INSTRUCTIONS FOR THE TASK: Go through the lines below and tally each one holding "shows". Write only the total.

EXERCISE INPUT:
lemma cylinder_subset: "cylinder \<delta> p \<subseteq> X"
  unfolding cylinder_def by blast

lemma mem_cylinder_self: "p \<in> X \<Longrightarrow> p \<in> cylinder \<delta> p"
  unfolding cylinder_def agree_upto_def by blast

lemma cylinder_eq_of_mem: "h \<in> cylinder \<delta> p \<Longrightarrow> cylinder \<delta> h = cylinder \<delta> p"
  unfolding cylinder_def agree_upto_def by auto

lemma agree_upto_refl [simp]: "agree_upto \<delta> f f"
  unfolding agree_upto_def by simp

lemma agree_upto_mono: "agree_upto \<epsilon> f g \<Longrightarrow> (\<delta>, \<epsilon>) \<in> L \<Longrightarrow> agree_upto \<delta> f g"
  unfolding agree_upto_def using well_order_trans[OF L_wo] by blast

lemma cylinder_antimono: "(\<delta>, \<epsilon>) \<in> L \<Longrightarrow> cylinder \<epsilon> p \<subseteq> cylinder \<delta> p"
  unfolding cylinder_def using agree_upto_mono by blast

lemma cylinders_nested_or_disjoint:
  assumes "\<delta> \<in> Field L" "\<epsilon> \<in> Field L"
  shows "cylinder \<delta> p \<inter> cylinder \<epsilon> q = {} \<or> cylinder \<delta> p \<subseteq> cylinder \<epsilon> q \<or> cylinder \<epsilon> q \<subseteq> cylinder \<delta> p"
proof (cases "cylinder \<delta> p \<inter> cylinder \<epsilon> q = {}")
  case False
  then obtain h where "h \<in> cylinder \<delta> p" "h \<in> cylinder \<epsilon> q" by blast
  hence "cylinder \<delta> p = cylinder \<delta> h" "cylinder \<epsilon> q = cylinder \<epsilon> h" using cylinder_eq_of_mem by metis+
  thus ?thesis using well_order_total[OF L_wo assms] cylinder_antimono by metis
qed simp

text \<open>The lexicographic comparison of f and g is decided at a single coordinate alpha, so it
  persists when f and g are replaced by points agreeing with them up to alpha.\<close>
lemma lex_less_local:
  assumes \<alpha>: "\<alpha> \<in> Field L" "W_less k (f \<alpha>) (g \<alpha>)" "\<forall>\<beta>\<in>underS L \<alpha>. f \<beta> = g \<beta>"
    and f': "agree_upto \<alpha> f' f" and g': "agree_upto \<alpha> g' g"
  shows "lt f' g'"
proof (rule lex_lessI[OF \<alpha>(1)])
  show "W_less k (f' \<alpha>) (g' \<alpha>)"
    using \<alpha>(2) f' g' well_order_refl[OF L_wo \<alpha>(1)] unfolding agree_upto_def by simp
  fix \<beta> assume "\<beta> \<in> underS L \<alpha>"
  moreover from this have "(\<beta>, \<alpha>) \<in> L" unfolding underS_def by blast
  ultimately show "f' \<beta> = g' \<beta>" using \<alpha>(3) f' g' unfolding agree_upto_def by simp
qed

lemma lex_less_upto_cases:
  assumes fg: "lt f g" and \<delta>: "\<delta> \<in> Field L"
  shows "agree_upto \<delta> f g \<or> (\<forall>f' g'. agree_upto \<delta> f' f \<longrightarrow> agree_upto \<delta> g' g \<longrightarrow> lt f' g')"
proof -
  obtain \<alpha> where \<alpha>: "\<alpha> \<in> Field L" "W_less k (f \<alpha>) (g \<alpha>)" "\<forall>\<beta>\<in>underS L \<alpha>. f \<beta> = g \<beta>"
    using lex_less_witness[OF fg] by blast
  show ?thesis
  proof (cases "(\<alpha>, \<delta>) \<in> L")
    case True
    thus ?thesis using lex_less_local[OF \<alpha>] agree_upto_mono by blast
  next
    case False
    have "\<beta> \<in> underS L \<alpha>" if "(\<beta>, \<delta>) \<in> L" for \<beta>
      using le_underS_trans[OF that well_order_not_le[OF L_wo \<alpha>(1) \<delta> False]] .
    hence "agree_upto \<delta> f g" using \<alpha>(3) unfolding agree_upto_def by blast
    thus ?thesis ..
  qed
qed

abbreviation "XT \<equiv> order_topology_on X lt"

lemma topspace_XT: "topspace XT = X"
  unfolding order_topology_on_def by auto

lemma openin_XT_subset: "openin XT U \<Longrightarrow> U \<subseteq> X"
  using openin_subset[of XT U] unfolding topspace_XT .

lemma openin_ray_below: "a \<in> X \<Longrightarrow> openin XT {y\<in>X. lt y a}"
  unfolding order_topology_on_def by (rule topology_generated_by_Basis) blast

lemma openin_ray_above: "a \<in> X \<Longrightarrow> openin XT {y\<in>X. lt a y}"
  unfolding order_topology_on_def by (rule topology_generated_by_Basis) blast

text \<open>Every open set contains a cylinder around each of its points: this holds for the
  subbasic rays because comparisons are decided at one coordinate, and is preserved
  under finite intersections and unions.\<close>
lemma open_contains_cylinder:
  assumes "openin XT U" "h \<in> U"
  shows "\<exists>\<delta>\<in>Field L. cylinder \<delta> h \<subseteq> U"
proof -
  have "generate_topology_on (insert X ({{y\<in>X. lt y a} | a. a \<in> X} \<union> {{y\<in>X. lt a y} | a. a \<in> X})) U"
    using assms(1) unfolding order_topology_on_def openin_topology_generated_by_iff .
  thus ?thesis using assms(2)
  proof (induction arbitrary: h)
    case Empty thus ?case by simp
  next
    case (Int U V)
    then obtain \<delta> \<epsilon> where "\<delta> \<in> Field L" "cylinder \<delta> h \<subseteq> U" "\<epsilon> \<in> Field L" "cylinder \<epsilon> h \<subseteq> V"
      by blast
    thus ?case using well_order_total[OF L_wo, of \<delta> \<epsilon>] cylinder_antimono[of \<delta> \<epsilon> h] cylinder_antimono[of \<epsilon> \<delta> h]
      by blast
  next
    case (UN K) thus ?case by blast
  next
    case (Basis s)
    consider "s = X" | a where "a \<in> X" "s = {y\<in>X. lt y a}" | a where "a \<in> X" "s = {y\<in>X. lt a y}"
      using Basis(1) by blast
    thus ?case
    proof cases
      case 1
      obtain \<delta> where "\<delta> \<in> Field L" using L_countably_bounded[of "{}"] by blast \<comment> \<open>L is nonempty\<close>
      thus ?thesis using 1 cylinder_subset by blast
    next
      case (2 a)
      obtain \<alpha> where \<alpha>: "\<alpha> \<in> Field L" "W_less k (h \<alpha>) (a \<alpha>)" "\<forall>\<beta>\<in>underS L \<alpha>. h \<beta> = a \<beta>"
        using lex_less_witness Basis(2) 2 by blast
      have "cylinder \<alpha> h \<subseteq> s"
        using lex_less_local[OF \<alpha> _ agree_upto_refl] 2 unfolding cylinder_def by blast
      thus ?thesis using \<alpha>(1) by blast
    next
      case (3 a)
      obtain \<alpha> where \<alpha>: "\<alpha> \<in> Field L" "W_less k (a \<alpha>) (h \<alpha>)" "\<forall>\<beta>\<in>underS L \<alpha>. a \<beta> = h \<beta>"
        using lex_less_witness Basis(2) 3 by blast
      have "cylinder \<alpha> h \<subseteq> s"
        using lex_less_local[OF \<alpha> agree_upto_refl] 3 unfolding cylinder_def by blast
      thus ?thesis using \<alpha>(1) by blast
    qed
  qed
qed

ANSWER TO THE PROBLEM: 4